TASK OBJECTIVE |
From the entries that follow, reproduce exactly and only the lines from the line with "proof (intro equalityI subsetI)" to the line with "by auto presburger", endpoints included.

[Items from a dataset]
- - - - - - -

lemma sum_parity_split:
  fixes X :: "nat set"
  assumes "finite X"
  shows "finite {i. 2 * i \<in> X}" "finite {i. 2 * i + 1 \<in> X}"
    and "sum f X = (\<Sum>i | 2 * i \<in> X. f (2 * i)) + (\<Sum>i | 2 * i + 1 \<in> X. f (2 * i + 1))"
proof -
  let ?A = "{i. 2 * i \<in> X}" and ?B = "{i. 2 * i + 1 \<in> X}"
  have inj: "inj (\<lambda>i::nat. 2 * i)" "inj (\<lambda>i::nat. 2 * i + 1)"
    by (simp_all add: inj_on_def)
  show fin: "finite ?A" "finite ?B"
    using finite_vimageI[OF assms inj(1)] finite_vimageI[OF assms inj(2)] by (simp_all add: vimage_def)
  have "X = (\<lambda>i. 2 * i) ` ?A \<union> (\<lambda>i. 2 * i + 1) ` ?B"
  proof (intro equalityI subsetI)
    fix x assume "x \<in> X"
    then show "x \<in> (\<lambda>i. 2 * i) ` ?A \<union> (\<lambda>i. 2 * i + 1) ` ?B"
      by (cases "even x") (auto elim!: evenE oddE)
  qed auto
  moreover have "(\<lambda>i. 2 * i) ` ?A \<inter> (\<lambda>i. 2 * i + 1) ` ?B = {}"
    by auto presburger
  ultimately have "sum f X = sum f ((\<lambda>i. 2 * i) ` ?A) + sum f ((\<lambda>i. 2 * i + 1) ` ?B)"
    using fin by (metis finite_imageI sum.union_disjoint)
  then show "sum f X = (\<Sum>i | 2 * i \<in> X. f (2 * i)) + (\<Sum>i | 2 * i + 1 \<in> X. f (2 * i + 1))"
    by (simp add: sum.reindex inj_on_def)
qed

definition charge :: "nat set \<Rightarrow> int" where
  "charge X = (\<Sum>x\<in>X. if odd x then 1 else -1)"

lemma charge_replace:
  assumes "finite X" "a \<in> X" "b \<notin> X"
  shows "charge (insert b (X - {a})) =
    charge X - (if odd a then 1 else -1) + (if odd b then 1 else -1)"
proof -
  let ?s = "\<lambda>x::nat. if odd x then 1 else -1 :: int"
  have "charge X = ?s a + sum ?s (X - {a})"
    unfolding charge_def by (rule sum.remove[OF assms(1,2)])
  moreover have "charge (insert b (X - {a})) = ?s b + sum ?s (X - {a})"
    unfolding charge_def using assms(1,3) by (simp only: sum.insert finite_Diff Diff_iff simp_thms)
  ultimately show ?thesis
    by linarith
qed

- - - - - - -

THE ANSWER |
  proof (intro equalityI subsetI)
    fix x assume "x \<in> X"
    then show "x \<in> (\<lambda>i. 2 * i) ` ?A \<union> (\<lambda>i. 2 * i + 1) ` ?B"
      by (cases "even x") (auto elim!: evenE oddE)
  qed auto
  moreover have "(\<lambda>i. 2 * i) ` ?A \<inter> (\<lambda>i. 2 * i + 1) ` ?B = {}"
    by auto presburger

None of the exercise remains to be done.